MATERIAL PROVIDED:
(* Assume $f(0)>\frac34$. There exist $U<0$ and constants $0<c\le C$ such that the following holds for every $u_0<U$, every $s\in[0,1]$ and every smooth function $\phi$ on $\overline{\Omega_{u_0}}$ (up to $R=0$): $$c\,I_s(\phi)\le\mathcal E_{\mathcal H_{s,u_0}}(\phi)\le C\,I_s(\phi),$$ where $$I_s(\phi)=\int_{]-\infty,u_0[\times S^2}\Big(u^2(\partial_u\phi)^2+\frac{R}{|u|}(\partial_R\phi)^2+|\nabla_{S^2}\phi|^2\Big)du\,d^2\omega,$$ the integrand being evaluated on $\mathcal H_{s,u_0}$.
   Context: Let $a>0$ and let $f$ be an analytic positive function on $[0,a)$. On a manifold with coordinates $(u,R,\omega)\in\mathbb R\times[0,a)\times S^2$ consider $$\hat g=R^2f(R)\,du^2-2\,du\,dR-d\omega^2,$$ with future null infinity $\mathscr I^+=\{R=0\}$ and the time orientation in which $\partial_u$ is future-directed on $\mathscr I^+$. Put $r=1/R$, fix $r_*$ with $\frac{dr_*}{dr}=\frac1{f(1/r)}$, and set $t=u+r_*$. Regions, for $u_0<0$: - $\Omega_{u_0}=\{t\ge0\}\cap\{u<u_0\}$; - for $0<s\le1$, $\mathcal H_{s,u_0}=\{u=-sr_*\}\cap\{u<u_0\}$; - $\mathcal H_{0,u_0}=\{R=0,\ u<u_0\}$. Each $\mathcal H_{s,u_0}$ is parametrised by $(u,\omega)$. $d^2\omega$ and $\nabla_{S^2}$ are the area form and gradient of the unit sphere. Energy flux. Let $T_{ab}(\phi)=\hat\nabla_a\phi\hat\nabla_b\phi-\frac12\hat g^{cd}\hat\nabla_c\phi\hat\nabla_d\phi\,\hat g_{ab}$ and $K=u^2\partial_u-2(1+uR)\partial_R$. The flux $\mathcal E_\Sigma(\phi)=\int_\Sigma K^bT_{ab}(\phi)\tilde n^a\,d\mu$ uses: - a future-directed normal $\tilde n$ to $\Sigma$; - a transverse $\tilde l$ with $\hat g(\tilde l,\tilde n)=1$; - the positive measure $d\mu$ induced by $\tilde l\lrcorner(du\wedge dR\wedge d^2\omega)$. Explicitly, for $0<s\le1$, the integrand being evaluated on $\mathcal H_{s,u_0}$: $$\mathcal E_{\mathcal H_{s,u_0}}(\phi)=\int_{]-\infty,u_0[\times S^2}\Big(R^2u^2f(R)\,\partial_u\phi\,\partial_R\phi+u^2(\partial_u\phi)^2$$ $$+\Big(\frac{R^4u^2f(R)^2}{2s}+R^3f(R)(2-s)\frac us+\frac{R^2f(R)(2-s)}{s}\Big)(\partial_R\phi)^2$$ $$+\Big(\frac{R^2u^2f(R)}{2s}+Ru+1\Big)|\nabla_{S^2}\phi|^2\Big)du\,d^2\omega.$$ For $s=0$: $$\mathcal E_{\mathcal H_{0,u_0}}(\phi)=\int_{]-\infty,u_0[\times S^2}\big(u^2(\partial_u\phi)^2+|\nabla_{S^2}\phi|^2\big)du\,d^2\omega.$$ *)

theory Defs
  imports "HOL-Analysis.Analysis"
begin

EXERCISE DETAILS: Copy out the whole listing exactly; please set it all down.

TASK RESPONSE:
(* Assume $f(0)>\frac34$. There exist $U<0$ and constants $0<c\le C$ such that the following holds for every $u_0<U$, every $s\in[0,1]$ and every smooth function $\phi$ on $\overline{\Omega_{u_0}}$ (up to $R=0$): $$c\,I_s(\phi)\le\mathcal E_{\mathcal H_{s,u_0}}(\phi)\le C\,I_s(\phi),$$ where $$I_s(\phi)=\int_{]-\infty,u_0[\times S^2}\Big(u^2(\partial_u\phi)^2+\frac{R}{|u|}(\partial_R\phi)^2+|\nabla_{S^2}\phi|^2\Big)du\,d^2\omega,$$ the integrand being evaluated on $\mathcal H_{s,u_0}$.
   Context: Let $a>0$ and let $f$ be an analytic positive function on $[0,a)$. On a manifold with coordinates $(u,R,\omega)\in\mathbb R\times[0,a)\times S^2$ consider $$\hat g=R^2f(R)\,du^2-2\,du\,dR-d\omega^2,$$ with future null infinity $\mathscr I^+=\{R=0\}$ and the time orientation in which $\partial_u$ is future-directed on $\mathscr I^+$. Put $r=1/R$, fix $r_*$ with $\frac{dr_*}{dr}=\frac1{f(1/r)}$, and set $t=u+r_*$. Regions, for $u_0<0$: - $\Omega_{u_0}=\{t\ge0\}\cap\{u<u_0\}$; - for $0<s\le1$, $\mathcal H_{s,u_0}=\{u=-sr_*\}\cap\{u<u_0\}$; - $\mathcal H_{0,u_0}=\{R=0,\ u<u_0\}$. Each $\mathcal H_{s,u_0}$ is parametrised by $(u,\omega)$. $d^2\omega$ and $\nabla_{S^2}$ are the area form and gradient of the unit sphere. Energy flux. Let $T_{ab}(\phi)=\hat\nabla_a\phi\hat\nabla_b\phi-\frac12\hat g^{cd}\hat\nabla_c\phi\hat\nabla_d\phi\,\hat g_{ab}$ and $K=u^2\partial_u-2(1+uR)\partial_R$. The flux $\mathcal E_\Sigma(\phi)=\int_\Sigma K^bT_{ab}(\phi)\tilde n^a\,d\mu$ uses: - a future-directed normal $\tilde n$ to $\Sigma$; - a transverse $\tilde l$ with $\hat g(\tilde l,\tilde n)=1$; - the positive measure $d\mu$ induced by $\tilde l\lrcorner(du\wedge dR\wedge d^2\omega)$. Explicitly, for $0<s\le1$, the integrand being evaluated on $\mathcal H_{s,u_0}$: $$\mathcal E_{\mathcal H_{s,u_0}}(\phi)=\int_{]-\infty,u_0[\times S^2}\Big(R^2u^2f(R)\,\partial_u\phi\,\partial_R\phi+u^2(\partial_u\phi)^2$$ $$+\Big(\frac{R^4u^2f(R)^2}{2s}+R^3f(R)(2-s)\frac us+\frac{R^2f(R)(2-s)}{s}\Big)(\partial_R\phi)^2$$ $$+\Big(\frac{R^2u^2f(R)}{2s}+Ru+1\Big)|\nabla_{S^2}\phi|^2\Big)du\,d^2\omega.$$ For $s=0$: $$\mathcal E_{\mathcal H_{0,u_0}}(\phi)=\int_{]-\infty,u_0[\times S^2}\big(u^2(\partial_u\phi)^2+|\nabla_{S^2}\phi|^2\big)du\,d^2\omega.$$ *)

theory Defs
  imports "HOL-Analysis.Analysis"
begin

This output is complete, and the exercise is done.